_DATASET EXCERPTS_:
┌────────

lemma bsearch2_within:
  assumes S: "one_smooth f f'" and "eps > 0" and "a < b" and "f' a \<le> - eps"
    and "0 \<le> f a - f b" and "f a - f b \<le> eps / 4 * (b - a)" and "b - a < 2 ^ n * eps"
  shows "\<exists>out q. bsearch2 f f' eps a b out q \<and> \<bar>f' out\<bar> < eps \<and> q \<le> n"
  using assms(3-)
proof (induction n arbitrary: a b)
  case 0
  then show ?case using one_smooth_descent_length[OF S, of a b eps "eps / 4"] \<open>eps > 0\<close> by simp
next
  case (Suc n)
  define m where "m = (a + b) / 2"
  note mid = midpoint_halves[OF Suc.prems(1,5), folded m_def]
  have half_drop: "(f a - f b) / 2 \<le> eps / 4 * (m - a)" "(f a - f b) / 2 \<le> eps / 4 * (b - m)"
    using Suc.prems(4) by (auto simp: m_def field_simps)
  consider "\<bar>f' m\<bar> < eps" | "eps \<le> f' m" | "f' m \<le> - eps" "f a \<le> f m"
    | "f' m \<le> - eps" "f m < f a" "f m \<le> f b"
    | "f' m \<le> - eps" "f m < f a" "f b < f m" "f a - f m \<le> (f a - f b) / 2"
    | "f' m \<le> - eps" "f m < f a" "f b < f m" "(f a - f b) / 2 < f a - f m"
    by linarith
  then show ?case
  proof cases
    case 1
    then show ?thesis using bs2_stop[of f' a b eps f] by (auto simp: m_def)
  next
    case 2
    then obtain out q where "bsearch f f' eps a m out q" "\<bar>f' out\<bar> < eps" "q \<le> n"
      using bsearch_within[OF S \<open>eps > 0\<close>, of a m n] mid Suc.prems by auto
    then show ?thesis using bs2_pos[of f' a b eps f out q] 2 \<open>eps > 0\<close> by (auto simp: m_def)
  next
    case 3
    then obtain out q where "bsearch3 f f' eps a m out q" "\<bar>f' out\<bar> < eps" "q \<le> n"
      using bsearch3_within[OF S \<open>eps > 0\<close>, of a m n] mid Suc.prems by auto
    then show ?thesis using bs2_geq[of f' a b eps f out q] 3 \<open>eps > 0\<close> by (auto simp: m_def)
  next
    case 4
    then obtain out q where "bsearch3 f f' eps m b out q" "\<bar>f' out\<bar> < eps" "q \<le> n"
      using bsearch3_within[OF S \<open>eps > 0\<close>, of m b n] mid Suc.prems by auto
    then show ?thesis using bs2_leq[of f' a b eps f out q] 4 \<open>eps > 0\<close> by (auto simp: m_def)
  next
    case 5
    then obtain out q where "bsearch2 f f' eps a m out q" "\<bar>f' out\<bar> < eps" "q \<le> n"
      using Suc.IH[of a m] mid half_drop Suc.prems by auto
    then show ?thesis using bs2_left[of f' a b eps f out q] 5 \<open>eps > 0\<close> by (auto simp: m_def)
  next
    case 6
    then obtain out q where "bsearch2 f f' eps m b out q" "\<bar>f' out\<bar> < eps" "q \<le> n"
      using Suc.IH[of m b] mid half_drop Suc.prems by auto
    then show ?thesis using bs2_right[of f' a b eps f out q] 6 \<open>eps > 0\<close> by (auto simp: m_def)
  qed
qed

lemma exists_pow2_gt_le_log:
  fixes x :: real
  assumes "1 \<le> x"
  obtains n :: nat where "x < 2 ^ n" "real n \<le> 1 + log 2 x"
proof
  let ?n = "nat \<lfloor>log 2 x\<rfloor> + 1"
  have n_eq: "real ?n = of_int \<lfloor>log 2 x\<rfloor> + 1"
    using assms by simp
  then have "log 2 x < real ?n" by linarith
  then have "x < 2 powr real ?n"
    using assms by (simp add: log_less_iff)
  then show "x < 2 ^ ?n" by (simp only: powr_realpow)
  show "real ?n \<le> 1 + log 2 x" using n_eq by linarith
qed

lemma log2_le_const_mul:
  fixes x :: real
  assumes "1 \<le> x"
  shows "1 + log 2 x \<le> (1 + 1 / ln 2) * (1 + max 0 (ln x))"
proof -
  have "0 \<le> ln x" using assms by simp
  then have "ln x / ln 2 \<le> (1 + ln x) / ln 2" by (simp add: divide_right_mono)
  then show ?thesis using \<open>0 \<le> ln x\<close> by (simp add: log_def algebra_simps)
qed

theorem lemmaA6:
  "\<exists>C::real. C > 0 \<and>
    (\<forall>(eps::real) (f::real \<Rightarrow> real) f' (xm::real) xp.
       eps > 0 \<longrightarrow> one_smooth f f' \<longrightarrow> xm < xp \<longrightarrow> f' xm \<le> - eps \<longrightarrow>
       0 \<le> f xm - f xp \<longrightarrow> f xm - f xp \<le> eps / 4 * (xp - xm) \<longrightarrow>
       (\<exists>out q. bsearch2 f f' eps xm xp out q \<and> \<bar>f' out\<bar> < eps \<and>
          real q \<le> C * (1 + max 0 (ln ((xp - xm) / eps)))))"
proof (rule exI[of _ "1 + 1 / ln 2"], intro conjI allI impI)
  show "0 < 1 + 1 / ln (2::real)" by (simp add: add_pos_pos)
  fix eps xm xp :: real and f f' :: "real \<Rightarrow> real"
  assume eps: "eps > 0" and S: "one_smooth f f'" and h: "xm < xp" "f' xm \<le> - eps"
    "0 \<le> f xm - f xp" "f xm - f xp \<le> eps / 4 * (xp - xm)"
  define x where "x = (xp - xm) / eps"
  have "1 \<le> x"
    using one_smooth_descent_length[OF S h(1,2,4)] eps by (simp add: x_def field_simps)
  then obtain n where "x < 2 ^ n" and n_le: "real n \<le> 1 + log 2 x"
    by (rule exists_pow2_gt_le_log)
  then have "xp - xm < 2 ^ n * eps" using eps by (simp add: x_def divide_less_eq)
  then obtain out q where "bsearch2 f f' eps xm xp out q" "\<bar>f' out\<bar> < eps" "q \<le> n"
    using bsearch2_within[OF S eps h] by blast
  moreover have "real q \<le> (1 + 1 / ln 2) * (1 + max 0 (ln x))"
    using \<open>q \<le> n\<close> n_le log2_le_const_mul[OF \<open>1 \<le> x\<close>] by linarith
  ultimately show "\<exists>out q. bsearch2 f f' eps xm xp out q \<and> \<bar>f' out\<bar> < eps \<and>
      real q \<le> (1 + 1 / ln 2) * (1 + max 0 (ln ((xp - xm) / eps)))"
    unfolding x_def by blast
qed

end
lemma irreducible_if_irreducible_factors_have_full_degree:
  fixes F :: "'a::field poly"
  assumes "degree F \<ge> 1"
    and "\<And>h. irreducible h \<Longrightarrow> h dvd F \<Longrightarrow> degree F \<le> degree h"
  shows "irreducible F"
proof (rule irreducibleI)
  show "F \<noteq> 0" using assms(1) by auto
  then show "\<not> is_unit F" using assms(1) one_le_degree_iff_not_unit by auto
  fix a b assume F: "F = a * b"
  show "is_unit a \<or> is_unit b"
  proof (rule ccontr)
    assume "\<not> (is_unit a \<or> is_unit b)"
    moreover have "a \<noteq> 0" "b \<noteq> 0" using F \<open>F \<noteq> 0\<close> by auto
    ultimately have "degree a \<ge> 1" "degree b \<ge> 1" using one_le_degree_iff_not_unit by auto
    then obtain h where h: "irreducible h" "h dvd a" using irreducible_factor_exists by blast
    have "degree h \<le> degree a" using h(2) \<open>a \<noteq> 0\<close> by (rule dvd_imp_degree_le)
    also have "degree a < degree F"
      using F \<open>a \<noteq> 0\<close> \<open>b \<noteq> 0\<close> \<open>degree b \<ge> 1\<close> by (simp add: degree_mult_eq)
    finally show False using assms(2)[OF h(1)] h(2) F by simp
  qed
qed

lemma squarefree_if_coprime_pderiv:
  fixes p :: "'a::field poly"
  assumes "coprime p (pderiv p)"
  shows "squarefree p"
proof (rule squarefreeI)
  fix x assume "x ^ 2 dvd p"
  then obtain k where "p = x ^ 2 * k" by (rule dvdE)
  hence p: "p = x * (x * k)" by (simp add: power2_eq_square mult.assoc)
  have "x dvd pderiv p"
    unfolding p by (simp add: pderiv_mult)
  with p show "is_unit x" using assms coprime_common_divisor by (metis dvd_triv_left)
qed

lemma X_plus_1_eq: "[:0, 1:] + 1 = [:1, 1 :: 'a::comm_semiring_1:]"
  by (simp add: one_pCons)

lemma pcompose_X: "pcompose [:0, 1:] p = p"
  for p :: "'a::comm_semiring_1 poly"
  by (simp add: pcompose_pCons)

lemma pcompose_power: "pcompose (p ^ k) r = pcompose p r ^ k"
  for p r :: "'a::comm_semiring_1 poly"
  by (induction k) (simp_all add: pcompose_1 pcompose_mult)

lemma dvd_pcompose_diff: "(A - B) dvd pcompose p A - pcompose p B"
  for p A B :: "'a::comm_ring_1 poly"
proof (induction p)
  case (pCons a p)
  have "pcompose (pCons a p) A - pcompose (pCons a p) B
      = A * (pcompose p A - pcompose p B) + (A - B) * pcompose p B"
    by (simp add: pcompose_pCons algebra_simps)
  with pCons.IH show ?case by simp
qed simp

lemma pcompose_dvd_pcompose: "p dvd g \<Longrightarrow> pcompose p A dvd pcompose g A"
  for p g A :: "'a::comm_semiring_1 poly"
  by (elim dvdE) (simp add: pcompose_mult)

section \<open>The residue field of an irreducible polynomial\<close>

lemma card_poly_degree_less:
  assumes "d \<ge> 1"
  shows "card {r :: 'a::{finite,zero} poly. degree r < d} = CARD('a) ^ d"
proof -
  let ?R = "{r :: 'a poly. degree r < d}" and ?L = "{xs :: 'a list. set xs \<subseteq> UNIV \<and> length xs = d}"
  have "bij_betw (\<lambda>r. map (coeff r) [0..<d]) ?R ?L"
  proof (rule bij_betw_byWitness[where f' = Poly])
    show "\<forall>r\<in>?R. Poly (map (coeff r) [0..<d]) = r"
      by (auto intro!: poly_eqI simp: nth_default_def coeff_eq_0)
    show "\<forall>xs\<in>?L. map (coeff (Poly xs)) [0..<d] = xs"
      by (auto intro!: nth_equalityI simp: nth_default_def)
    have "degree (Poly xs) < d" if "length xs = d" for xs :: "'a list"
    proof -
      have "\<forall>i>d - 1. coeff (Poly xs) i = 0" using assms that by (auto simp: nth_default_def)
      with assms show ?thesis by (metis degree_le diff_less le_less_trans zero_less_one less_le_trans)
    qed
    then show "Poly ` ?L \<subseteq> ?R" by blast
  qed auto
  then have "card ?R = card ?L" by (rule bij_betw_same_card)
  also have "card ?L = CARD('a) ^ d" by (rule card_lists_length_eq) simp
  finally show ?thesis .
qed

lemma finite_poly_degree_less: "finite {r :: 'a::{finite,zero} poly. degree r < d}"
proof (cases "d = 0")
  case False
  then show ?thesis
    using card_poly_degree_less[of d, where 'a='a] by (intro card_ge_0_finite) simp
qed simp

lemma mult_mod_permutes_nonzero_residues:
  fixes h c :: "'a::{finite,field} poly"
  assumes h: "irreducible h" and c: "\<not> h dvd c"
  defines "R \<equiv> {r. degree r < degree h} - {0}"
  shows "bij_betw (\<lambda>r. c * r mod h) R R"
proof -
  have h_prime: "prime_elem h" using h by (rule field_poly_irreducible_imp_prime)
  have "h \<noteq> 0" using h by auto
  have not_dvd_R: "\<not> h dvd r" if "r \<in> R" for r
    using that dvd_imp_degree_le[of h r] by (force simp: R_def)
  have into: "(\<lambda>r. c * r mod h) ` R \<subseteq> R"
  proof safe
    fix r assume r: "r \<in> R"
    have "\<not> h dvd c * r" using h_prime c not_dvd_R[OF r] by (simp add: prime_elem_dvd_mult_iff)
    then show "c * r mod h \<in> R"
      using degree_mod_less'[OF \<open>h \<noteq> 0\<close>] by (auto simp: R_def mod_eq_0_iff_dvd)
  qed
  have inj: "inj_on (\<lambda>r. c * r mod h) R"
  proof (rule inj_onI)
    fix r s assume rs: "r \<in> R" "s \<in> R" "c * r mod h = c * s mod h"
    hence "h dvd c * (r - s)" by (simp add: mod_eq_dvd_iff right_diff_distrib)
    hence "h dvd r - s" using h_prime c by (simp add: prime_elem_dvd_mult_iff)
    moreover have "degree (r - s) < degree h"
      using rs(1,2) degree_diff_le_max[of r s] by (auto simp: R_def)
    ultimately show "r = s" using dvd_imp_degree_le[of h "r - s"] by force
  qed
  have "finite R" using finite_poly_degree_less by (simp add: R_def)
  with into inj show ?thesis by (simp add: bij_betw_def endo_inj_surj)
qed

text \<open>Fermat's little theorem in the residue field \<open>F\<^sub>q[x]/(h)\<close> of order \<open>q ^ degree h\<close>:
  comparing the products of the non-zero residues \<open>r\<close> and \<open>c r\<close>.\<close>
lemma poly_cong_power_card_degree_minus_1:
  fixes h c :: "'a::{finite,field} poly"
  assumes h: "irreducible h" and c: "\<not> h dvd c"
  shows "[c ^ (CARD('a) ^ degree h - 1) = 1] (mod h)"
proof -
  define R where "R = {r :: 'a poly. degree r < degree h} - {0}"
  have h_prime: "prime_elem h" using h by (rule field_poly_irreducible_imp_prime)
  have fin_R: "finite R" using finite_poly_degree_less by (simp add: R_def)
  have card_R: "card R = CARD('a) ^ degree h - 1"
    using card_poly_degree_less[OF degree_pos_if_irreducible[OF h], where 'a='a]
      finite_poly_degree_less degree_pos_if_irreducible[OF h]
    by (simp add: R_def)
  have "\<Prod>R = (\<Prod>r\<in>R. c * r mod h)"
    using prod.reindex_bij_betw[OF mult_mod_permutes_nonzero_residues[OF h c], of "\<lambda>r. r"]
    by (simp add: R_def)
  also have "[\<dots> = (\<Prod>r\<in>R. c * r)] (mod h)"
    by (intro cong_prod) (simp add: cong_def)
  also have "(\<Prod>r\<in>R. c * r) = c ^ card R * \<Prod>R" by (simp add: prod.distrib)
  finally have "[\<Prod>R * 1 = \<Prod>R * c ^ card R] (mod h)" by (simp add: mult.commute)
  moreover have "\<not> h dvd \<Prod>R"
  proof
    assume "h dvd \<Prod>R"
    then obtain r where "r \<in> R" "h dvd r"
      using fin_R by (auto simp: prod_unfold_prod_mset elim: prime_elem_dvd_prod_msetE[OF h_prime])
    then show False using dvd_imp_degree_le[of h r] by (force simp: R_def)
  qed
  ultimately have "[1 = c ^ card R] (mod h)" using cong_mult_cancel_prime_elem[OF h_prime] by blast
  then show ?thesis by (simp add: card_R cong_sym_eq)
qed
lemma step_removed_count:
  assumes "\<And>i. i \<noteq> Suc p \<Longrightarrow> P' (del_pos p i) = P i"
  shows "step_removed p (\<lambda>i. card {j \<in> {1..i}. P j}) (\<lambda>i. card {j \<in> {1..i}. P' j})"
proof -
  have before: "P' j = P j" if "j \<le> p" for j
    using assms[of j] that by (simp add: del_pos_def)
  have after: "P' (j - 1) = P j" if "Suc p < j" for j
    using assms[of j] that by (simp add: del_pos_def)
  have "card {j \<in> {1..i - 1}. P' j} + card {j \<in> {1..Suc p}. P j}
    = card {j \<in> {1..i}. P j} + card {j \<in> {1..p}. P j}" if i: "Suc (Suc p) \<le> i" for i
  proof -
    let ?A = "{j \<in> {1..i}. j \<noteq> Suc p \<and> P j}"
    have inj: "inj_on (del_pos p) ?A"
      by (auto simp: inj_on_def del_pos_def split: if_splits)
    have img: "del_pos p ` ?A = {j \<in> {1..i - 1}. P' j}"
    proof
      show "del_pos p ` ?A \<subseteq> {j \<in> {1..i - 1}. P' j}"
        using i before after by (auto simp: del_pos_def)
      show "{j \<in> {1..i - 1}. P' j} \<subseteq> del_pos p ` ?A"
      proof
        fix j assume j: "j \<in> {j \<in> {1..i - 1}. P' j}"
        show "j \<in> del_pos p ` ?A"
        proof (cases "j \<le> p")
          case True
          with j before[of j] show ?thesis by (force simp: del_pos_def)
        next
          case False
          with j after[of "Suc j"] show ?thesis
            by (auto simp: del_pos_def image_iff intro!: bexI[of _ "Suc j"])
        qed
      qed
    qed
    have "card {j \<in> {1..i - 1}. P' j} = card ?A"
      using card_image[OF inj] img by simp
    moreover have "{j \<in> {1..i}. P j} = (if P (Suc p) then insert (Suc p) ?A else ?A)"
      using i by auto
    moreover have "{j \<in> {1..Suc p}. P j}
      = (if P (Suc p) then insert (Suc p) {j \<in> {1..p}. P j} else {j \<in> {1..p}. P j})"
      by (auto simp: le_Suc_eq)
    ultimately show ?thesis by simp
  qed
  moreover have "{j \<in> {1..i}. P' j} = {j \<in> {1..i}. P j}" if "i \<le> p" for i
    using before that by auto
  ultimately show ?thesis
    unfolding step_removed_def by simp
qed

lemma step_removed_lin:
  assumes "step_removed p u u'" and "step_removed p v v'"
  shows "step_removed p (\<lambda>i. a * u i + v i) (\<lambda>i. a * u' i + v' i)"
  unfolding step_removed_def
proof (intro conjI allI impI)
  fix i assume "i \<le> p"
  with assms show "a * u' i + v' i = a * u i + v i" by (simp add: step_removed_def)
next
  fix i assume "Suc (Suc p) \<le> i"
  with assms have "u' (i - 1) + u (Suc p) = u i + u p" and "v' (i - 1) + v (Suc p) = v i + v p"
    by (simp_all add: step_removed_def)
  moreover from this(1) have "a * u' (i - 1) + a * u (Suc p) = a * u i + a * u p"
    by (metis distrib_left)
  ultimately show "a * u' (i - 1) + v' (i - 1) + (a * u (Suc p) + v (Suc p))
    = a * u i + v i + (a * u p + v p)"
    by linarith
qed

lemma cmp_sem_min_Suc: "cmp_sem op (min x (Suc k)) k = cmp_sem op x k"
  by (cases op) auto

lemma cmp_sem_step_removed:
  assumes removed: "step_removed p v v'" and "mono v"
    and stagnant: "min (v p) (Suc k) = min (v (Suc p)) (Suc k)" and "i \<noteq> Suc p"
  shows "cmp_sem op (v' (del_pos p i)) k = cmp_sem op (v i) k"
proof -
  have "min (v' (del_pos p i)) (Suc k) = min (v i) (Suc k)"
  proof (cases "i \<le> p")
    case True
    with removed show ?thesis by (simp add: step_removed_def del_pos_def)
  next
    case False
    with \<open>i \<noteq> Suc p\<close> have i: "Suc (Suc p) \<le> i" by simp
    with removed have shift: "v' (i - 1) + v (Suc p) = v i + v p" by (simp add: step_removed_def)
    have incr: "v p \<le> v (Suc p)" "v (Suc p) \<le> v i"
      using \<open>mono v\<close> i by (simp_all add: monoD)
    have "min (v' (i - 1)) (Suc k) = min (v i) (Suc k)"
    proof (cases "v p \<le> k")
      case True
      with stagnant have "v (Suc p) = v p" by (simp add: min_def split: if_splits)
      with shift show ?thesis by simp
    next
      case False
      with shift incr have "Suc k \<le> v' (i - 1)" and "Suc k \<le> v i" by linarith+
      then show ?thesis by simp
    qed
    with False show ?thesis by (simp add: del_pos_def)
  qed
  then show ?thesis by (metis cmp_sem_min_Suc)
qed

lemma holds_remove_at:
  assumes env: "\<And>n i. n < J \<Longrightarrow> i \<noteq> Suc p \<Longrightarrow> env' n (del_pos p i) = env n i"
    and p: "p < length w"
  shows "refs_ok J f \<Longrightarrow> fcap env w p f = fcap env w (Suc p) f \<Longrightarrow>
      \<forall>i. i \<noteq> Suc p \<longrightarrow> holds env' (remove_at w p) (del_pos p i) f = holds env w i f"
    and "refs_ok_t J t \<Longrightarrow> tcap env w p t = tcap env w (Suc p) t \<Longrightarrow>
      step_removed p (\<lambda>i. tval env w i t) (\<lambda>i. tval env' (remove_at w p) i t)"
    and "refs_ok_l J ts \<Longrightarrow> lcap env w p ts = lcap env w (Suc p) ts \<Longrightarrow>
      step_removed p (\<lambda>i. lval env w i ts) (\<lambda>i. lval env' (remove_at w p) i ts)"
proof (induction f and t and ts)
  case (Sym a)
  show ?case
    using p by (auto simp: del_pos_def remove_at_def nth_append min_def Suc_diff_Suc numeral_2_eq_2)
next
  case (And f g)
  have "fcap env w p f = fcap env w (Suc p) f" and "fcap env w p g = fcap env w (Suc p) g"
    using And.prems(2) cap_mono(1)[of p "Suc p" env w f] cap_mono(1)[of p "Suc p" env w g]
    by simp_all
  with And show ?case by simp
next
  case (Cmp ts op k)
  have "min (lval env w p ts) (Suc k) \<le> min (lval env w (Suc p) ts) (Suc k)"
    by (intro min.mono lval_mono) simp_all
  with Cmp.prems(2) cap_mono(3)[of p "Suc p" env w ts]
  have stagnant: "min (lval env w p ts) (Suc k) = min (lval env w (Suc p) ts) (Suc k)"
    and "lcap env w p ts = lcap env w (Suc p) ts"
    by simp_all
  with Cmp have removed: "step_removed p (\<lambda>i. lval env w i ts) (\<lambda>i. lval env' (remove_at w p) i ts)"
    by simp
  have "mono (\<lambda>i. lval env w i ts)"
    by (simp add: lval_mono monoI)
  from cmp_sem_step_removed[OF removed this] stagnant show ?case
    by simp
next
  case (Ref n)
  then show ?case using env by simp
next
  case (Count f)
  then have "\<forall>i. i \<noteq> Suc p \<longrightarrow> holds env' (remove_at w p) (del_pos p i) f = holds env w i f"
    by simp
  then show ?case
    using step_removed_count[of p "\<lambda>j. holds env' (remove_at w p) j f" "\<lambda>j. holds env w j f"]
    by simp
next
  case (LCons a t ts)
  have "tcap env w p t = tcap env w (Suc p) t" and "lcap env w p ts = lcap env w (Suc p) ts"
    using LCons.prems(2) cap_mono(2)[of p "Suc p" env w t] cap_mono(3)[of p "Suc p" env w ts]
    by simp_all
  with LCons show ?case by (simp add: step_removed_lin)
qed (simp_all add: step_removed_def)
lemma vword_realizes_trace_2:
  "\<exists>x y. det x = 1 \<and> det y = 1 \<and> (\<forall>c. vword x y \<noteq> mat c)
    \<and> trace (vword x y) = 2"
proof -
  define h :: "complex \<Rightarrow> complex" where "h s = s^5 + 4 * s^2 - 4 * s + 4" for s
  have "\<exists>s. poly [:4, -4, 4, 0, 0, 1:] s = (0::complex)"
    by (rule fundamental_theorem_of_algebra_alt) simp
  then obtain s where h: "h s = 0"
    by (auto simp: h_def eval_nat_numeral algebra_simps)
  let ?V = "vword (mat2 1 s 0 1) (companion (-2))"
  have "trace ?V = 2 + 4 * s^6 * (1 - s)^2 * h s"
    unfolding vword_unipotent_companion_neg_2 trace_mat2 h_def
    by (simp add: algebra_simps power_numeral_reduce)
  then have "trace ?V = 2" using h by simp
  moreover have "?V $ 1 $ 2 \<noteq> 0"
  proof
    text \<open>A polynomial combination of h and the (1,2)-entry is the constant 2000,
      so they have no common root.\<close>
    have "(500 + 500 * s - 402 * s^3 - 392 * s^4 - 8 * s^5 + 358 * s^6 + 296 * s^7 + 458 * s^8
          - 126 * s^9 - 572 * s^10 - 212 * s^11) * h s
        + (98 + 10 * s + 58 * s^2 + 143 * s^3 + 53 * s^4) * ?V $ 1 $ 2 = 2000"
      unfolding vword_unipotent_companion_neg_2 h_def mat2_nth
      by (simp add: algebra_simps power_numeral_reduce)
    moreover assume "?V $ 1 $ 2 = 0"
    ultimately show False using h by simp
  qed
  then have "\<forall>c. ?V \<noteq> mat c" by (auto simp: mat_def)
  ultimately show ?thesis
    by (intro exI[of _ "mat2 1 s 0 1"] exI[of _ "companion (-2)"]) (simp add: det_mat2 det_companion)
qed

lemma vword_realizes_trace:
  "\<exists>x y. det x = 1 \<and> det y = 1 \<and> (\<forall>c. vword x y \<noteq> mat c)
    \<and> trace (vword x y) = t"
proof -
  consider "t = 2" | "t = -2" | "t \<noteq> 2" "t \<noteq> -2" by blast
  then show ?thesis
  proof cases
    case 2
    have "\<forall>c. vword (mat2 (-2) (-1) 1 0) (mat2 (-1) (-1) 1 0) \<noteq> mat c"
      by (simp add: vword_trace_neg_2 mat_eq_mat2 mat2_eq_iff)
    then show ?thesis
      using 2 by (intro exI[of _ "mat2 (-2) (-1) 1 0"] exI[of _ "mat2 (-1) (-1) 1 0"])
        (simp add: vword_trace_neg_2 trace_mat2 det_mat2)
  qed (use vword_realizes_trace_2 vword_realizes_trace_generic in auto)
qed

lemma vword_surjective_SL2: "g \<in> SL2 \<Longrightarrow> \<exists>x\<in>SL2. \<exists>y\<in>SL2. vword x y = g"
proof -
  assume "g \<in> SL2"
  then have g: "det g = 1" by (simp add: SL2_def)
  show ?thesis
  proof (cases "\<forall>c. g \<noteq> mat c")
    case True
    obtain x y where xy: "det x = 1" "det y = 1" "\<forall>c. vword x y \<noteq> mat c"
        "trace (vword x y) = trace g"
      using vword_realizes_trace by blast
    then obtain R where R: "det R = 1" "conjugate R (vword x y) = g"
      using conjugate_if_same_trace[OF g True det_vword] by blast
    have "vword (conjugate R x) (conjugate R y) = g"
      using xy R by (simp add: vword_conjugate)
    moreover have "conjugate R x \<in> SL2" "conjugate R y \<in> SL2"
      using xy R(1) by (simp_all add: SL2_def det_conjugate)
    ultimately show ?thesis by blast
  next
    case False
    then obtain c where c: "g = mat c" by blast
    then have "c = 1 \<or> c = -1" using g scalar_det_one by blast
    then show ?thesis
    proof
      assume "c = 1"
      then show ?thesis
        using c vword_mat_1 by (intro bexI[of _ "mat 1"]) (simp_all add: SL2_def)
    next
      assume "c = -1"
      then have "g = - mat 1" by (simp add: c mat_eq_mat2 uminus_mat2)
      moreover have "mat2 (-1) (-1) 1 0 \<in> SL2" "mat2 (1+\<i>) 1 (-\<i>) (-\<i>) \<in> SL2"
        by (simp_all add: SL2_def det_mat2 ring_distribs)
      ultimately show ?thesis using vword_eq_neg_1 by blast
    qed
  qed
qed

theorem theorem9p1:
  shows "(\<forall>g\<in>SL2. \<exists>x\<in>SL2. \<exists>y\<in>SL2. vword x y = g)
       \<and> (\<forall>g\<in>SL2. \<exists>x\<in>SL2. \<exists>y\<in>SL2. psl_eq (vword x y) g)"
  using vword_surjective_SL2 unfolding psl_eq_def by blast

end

└────────

_WHAT TO WORK ON_: Only the lines above from the one with "op (v' (del_pos" up to and including the one with "with shift incr" should be repeated, exactly as written.

_RESPONSE_:
  shows "cmp_sem op (v' (del_pos p i)) k = cmp_sem op (v i) k"
proof -
  have "min (v' (del_pos p i)) (Suc k) = min (v i) (Suc k)"
  proof (cases "i \<le> p")
    case True
    with removed show ?thesis by (simp add: step_removed_def del_pos_def)
  next
    case False
    with \<open>i \<noteq> Suc p\<close> have i: "Suc (Suc p) \<le> i" by simp
    with removed have shift: "v' (i - 1) + v (Suc p) = v i + v p" by (simp add: step_removed_def)
    have incr: "v p \<le> v (Suc p)" "v (Suc p) \<le> v i"
      using \<open>mono v\<close> i by (simp_all add: monoD)
    have "min (v' (i - 1)) (Suc k) = min (v i) (Suc k)"
    proof (cases "v p \<le> k")
      case True
      with stagnant have "v (Suc p) = v p" by (simp add: min_def split: if_splits)
      with shift show ?thesis by simp
    next
      case False
      with shift incr have "Suc k \<le> v' (i - 1)" and "Suc k \<le> v i" by linarith+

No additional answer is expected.